The Committee takes note of the Government's comments on the ICFTU allegations concerning the imposition of forced labour on young people. In those comments, the Government describes the Cuban education system, which is based on a combination of study and work. It states that the situation alleged does not constitute a form of employment but is a matter of work performed by pre-university students for three hours a day and for periods of 30 days per year as part of the education system. The Government also refers to the Conference of Ministers of Education which recommends a systematic connection between study and work.

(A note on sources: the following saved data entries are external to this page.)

(* Consider control protocol (C4) with $r_1=\cdots=r_n\ge\frac1{n-1}$. Then for any constants $z^*\in[0,1]$ and $\alpha^*>0$, the set $S_{z^*,\alpha^*}=\{(x_1,\dots,x_n)\in[0,1]^n:\max_{i\in\mathcal V}|x_i-z^*|<\alpha^*\}$ is finite-time robustly reachable from $[0,1]^n$.
   Context: Fix $n\ge3$, $\mathcal V=\{1,\dots,n\}$, confidence thresholds $r_i\in(0,1]$, $\eta>0$. States $x(t)\in[0,1]^n$. Neighbor set $\mathcal N_i(t)=\{j:|x_j(t)-x_i(t)|\le r_i\}$ (contains $i$), $\Pi_{[0,1]}(y)=\min\{1,\max\{0,y\}\}$. Control protocol (C4): $x_i(t+1)=\Pi_{[0,1]}\big(|\mathcal N_i(t)|^{-1}[x_i(t)+\sum_{j\in\mathcal N_i(t)\setminus\{i\}}(x_j(t)+u_{ji}(t)+b_{ji}(t))]\big)$, where for $j\in\mathcal N_i(t)\setminus\{i\}$: $\delta_i(t)\in(0,\eta)$ is a chosen parameter, $u_{ji}(t)\in[-\eta+\delta_i(t),\eta-\delta_i(t)]$ a chosen control input, $b_{ji}(t)\in[-\delta_i(t),\delta_i(t)]$ an arbitrary uncertainty; the choices may depend on $x(0),\dots,x(t)$. A set $S\subseteq[0,1]^n$ is finite-time robustly reachable from $[0,1]^n$ under the protocol if there exist constants $T>0$ and $\varepsilon\in(0,\eta)$ such that for every $x(0)\in[0,1]^n$, either $x(0)\in S$, or one can choose $\delta_i(t)\in[\varepsilon,\eta)$ and $u_{ji}(t)\in[-\eta+\delta_i(t),\eta-\delta_i(t)]$ ($0\le t<T$, $i\in\mathcal V$, $j\in\mathcal N_i(t)\setminus\{i\}$) guaranteeing that for arbitrary $b_{ji}(t)\in[-\delta_i(t),\delta_i(t)]$ there is $t\in[1,T]$ with $x(t)\in S$. *)

theory Defs
  imports Complex_Main
begin

text \<open>Agents are indexed by 0..n-1; a state is a function nat => real
  (only the values at indices < n matter).\<close>

definition proj01 :: "real \<Rightarrow> real" where
  "proj01 y = min 1 (max 0 y)"

definition nbrs :: "nat \<Rightarrow> (nat \<Rightarrow> real) \<Rightarrow> (nat \<Rightarrow> real) \<Rightarrow> nat \<Rightarrow> nat set" where
  "nbrs n r x i = {j. j < n \<and> \<bar>x j - x i\<bar> \<le> r i}"

text \<open>One step of protocol (C4); u j i and b j i are u_{ji}(t), b_{ji}(t).\<close>
definition c4_step :: "nat \<Rightarrow> (nat \<Rightarrow> real) \<Rightarrow> (nat \<Rightarrow> real)
    \<Rightarrow> (nat \<Rightarrow> nat \<Rightarrow> real) \<Rightarrow> (nat \<Rightarrow> nat \<Rightarrow> real) \<Rightarrow> (nat \<Rightarrow> real)" where
  "c4_step n r x u b = (\<lambda>i. proj01
     ((x i + (\<Sum>j\<in>nbrs n r x i - {i}. x j + u j i + b j i)) / real (card (nbrs n r x i))))"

With reference to the activities of the Youth Labour Army, the Government indicates that young people recruited for active military service are given an opportunity to express their wish to enter the Youth Labour Army; if they do not wish to do so, they may do their military service in regular units. On being posted, a young person is assigned to a unit near his residence. While serving in the Youth Labour Army, a young person is acquiring an occupation or trade.

In previous comments, the Committee referred to section 2 of Act No. 1253 (Youth Labour Army), which provides that "all young persons who are under a duty to perform active military service and who are not called upon to perform that service in regular units of the Revolutionary Armed Forces shall be called up into the Youth Labour Army". Section 4 provides for "the performance of productive agricultural work and work of any kind that the Revolutionary Government may determine". To judge from that provision, call-up into the Youth Labour Army does not appear to depend on the young recruit's own wishes.

The Committee hopes that the Government will examine the provisions of Act No. 1253 so that the law may be brought formally into conformity with the Convention and may reflect what the Government describes as existing practice.